Carmelita clicked her tongue on the roof of her tongue. She shook her head in disappointment, "Ang tanda tanda mo na pero ang tigas pa rin ng ulo mo!"

"Mana sayo, anak mo ako diba?" Carmelita's daughter snickered when she saw her mother's exasperation.

"Hay, na'ko! I'm going to die early because of you," Carmelita replies with an underlying tone of amusement, "Who is it from?" She then asks, directing her attention to the package in her daughter's arm.

"Well, this is the only thing written on it," She showed it to her mother. Carmelita squinted her eyes until her expression turned into shock; she recognized that handwriting, that elegant, clean stroke of cursive.

Salvador Family.

"Call everyone and gather them in the living room. Now," Carmelita's earlier playful tone vanished, replaced with a firm order laced with urgency and authority. Her eyes, once dancing with mirth, now burned with determination, a silent warning that this was no time for delay or questions.

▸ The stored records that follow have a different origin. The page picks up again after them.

lemma graph_square_double_broom_if_close:
  assumes k: "k \<ge> 4" and x: "x \<in> double_broom_V n1 k n2" and y: "y \<in> double_broom_V n1 k n2"
    and ne: "x \<noteq> y" and le: "broom_pos k x \<le> broom_pos k y" and close: "broom_pos k y \<le> broom_pos k x + 2"
  shows "graph_square (double_broom_E n1 k n2) x y"
proof -
  note E = double_broom_edges and sq = graph_square_intros[OF ne]
  have path_end: "k - 1 = Suc (k - 2)" "Suc (k - 2) < k" using k by simp_all
  show ?thesis
  proof (cases x)
    case (Lf1 a)
    have a: "a < n1 - 1" using x Lf1 unfolding double_broom_V_def by auto
    show ?thesis
    proof (cases y)
      case (Lf1 b)
      hence "b < n1 - 1" using y unfolding double_broom_V_def by auto
      thus ?thesis using sq(2) E(1)[OF a] double_broom_E_sym[OF E(1)] \<open>x = _\<close> Lf1 by blast
    next
      case (Pth j)
      hence "j = 0 \<or> j = 1" using close \<open>x = _\<close> by auto
      thus ?thesis using sq E(1)[OF a] E(2)[of 0] k \<open>x = _\<close> Pth by auto
    qed (use close \<open>x = _\<close> k in simp)
  next
    case (Pth i)
    have i: "i < k" using x Pth unfolding double_broom_V_def by auto
    show ?thesis
    proof (cases y)
      case (Pth j)
      have "j < k" "j = Suc i \<or> j = Suc (Suc i)" using y le close ne \<open>x = _\<close> Pth
        unfolding double_broom_V_def by auto
      thus ?thesis using sq E(2)[of i] E(2)[of "Suc i"] \<open>x = _\<close> Pth by auto
    next
      case (Lf2 b)
      have "b < n2 - 1" "i = k - 1 \<or> i = k - 2" using y close i \<open>x = _\<close> Lf2
        unfolding double_broom_V_def by auto
      thus ?thesis using sq E(2)[of "k - 2"] E(3) path_end \<open>x = _\<close> Lf2 by auto
    qed (use le ne \<open>x = _\<close> in simp)
  next
    case (Lf2 a)
    have a: "a < n2 - 1" using x Lf2 unfolding double_broom_V_def by auto
    show ?thesis
    proof (cases y)
      case (Lf2 b)
      hence "b < n2 - 1" using y unfolding double_broom_V_def by auto
      thus ?thesis using sq(2) double_broom_E_sym[OF E(3)[OF a]] E(3) \<open>x = _\<close> Lf2 by blast
    qed (use le y \<open>x = _\<close> in \<open>auto simp: double_broom_V_def\<close>)
  qed
qed

text \<open>Two vertices in the same block \<open>{3j, 3j+1, 3j+2}\<close> of positions are adjacent in the square.\<close>
lemma card_independent_double_broom_square_le:
  assumes k: "k \<ge> 4" and S: "S \<subseteq> double_broom_V n1 k n2"
    and ind: "independent_set (graph_square (double_broom_E n1 k n2)) S"
  shows "card S \<le> (k - 2) div 3 + 2"
proof -
  define g where "g x = broom_pos k x div 3" for x
  have "inj_on g S"
  proof (rule inj_onI, rule ccontr)
    fix x y assume xy: "x \<in> S" "y \<in> S" "g x = g y" "x \<noteq> y"
    hence close: "broom_pos k y \<le> broom_pos k x + 2" "broom_pos k x \<le> broom_pos k y + 2"
      unfolding g_def by linarith+
    have "x \<in> double_broom_V n1 k n2" "y \<in> double_broom_V n1 k n2" using S xy by auto
    hence "graph_square (double_broom_E n1 k n2) x y \<or> graph_square (double_broom_E n1 k n2) y x"
      using graph_square_double_broom_if_close[OF k] xy(4) close
      by (cases "broom_pos k x \<le> broom_pos k y") (auto simp: eq_commute[of x])
    thus False using ind xy unfolding independent_set_def by blast
  qed
  moreover have "g ` S \<subseteq> {..(k + 1) div 3}"
    using S unfolding g_def double_broom_V_def by (auto intro: div_le_mono)
  ultimately have "card S \<le> Suc ((k + 1) div 3)"
    by (metis card_atMost card_image card_mono finite_atMost)
  thus ?thesis using k by simp
qed

text \<open>Both families of leaves contribute a vertex, and the path vertices \<open>Pth 2, Pth 5, \<dots>\<close> the rest;
  their positions are pairwise at least \<open>3\<close> apart.\<close>
lemma independent_double_broom_square_exists:
  assumes k: "k \<ge> 4" and n: "n1 \<ge> 2" "n2 \<ge> 2"
  obtains S where "S \<subseteq> double_broom_V n1 k n2" "card S = (k - 2) div 3 + 2"
    "independent_set (graph_square (double_broom_E n1 k n2)) S"
proof -
  define q where "q = (k - 2) div 3"
  define P where "P = (\<lambda>j. Pth (3 * j + 2)) ` {..<q}"
  define S where "S = insert (Lf1 0) (insert (Lf2 0) P)"
  have q: "3 * q \<le> k - 2" unfolding q_def by simp
  have "card P = q" unfolding P_def by (subst card_image) (auto simp: inj_on_def)
  hence "card S = q + 2" unfolding S_def P_def by (auto simp: card_insert_if)
  moreover have "S \<subseteq> double_broom_V n1 k n2"
    unfolding S_def P_def double_broom_V_def using n q by auto
  moreover have far: "broom_pos k x + 3 \<le> broom_pos k y \<or> broom_pos k y + 3 \<le> broom_pos k x"
    if "x \<in> S" "y \<in> S" "x \<noteq> y" for x y
    using that q k unfolding S_def P_def by auto
  have "independent_set (graph_square (double_broom_E n1 k n2)) S"
    unfolding independent_set_def
  proof (intro ballI notI)
    fix x y assume xy: "x \<in> S" "y \<in> S" and sq: "graph_square (double_broom_E n1 k n2) x y"
    have "x \<noteq> y" using sq unfolding graph_square_def by blast
    moreover have "graph_square (double_broom_E n1 k n2) y x"
      using graph_square_sym[of "double_broom_E n1 k n2" x y] double_broom_E_sym sq by blast
    ultimately show False
      using far[OF xy] broom_pos_le_if_graph_square[of x y] broom_pos_le_if_graph_square[of y x] sq k
      by linarith
  qed
  ultimately show ?thesis using that unfolding q_def by blast
qed

end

Her daughter didn't protest and nodded, noting the urgency in her mother's voice. She hurried inside as Carmelita lingered beside the iron gates. She shut her eyes, taking a deep, slow breath,

"Ate Cora," Releasing a heavy breath. Her hands balled into a fist as she placed it to her chest, where her heart resided. Then she opened her eyes, looking up at the night sky, the moon illuminating brightly. She cast one last suspicious look around her before reluctantly closing the iron gate.

"How are you?" Jasper asks behind her as he wraps her around her waist, placing his chin on her shoulder blade.

"It was difficult," Corazon timidly answers, "Carmelita named her daughter after me," She leans into him, seeking the comfort he always has. Jasper hums. He knows that he doesn't need to say anything.

"We should go and visit my parents and my sister," Corazon turns around and places a chaste kiss on his lips as she unwraps his arms around her and intertwines her hands with his. Jasper followed her as they walked towards the cemetery. She hadn't visited in years. The place where her mother and father were buried, which used to be tombstones on the ground, was now inside a large yet modest marble mausoleum that her siblings constructed, the words SALVADOR engraved prominently at the top of the entrance.

They entered. With their sight, it was easier to navigate the darkness. At the front center are two rows of wooden benches, an altar with a crucifix with candles, rosaries, and framed photos of her mother, father, Elenita, and herself. At the side were two crypts—her parents and empty drawers lined the walls, one where Elenita's urn resided, and an empty drawer with only a plaque of Corazon's full name, her year of birth with no specified date of her passing, then an old tarnished photo of Corazon that remained in the confines of a frame. Her family was here earlier. The melted candles and fresh flowers were a sign of their presence.

For a moment, Corazon and Jasper stood together in silence. Then Corazon traced her fingers against her mother's tomb, her father's, and then Elenita's, closing her eyes as she savored the moment, a bittersweet smile on her lips.

"Sorry, Inang, Tatang, El. I haven't visited in a long time." Corazon says with remorse, as if she were talking to them in person, "But this will also be the last time I'm going to visit. I won't be returning here anymore. I'm sorry, Tatang and El, that you'll never know what happened to me. I'm sorry, Inang, for burdening you with the truth. I know it wasn't easy to bear it alone." She crouched before the tombs.

"Thank you for loving me enough to let me go to America because I wouldn't have found another reason to live if I stayed. I love you all with everything that I am." Corazon then looked towards Jasper, who sat on the wooden bench, waiting for her; he gave her a soft smile that he only reserved for her. She stood up and walked towards him, offering him a hand that he took without a thought.

With one last lingering glance over her shoulder, she grasped Jasper's hand and told him, "I'm ready to go home."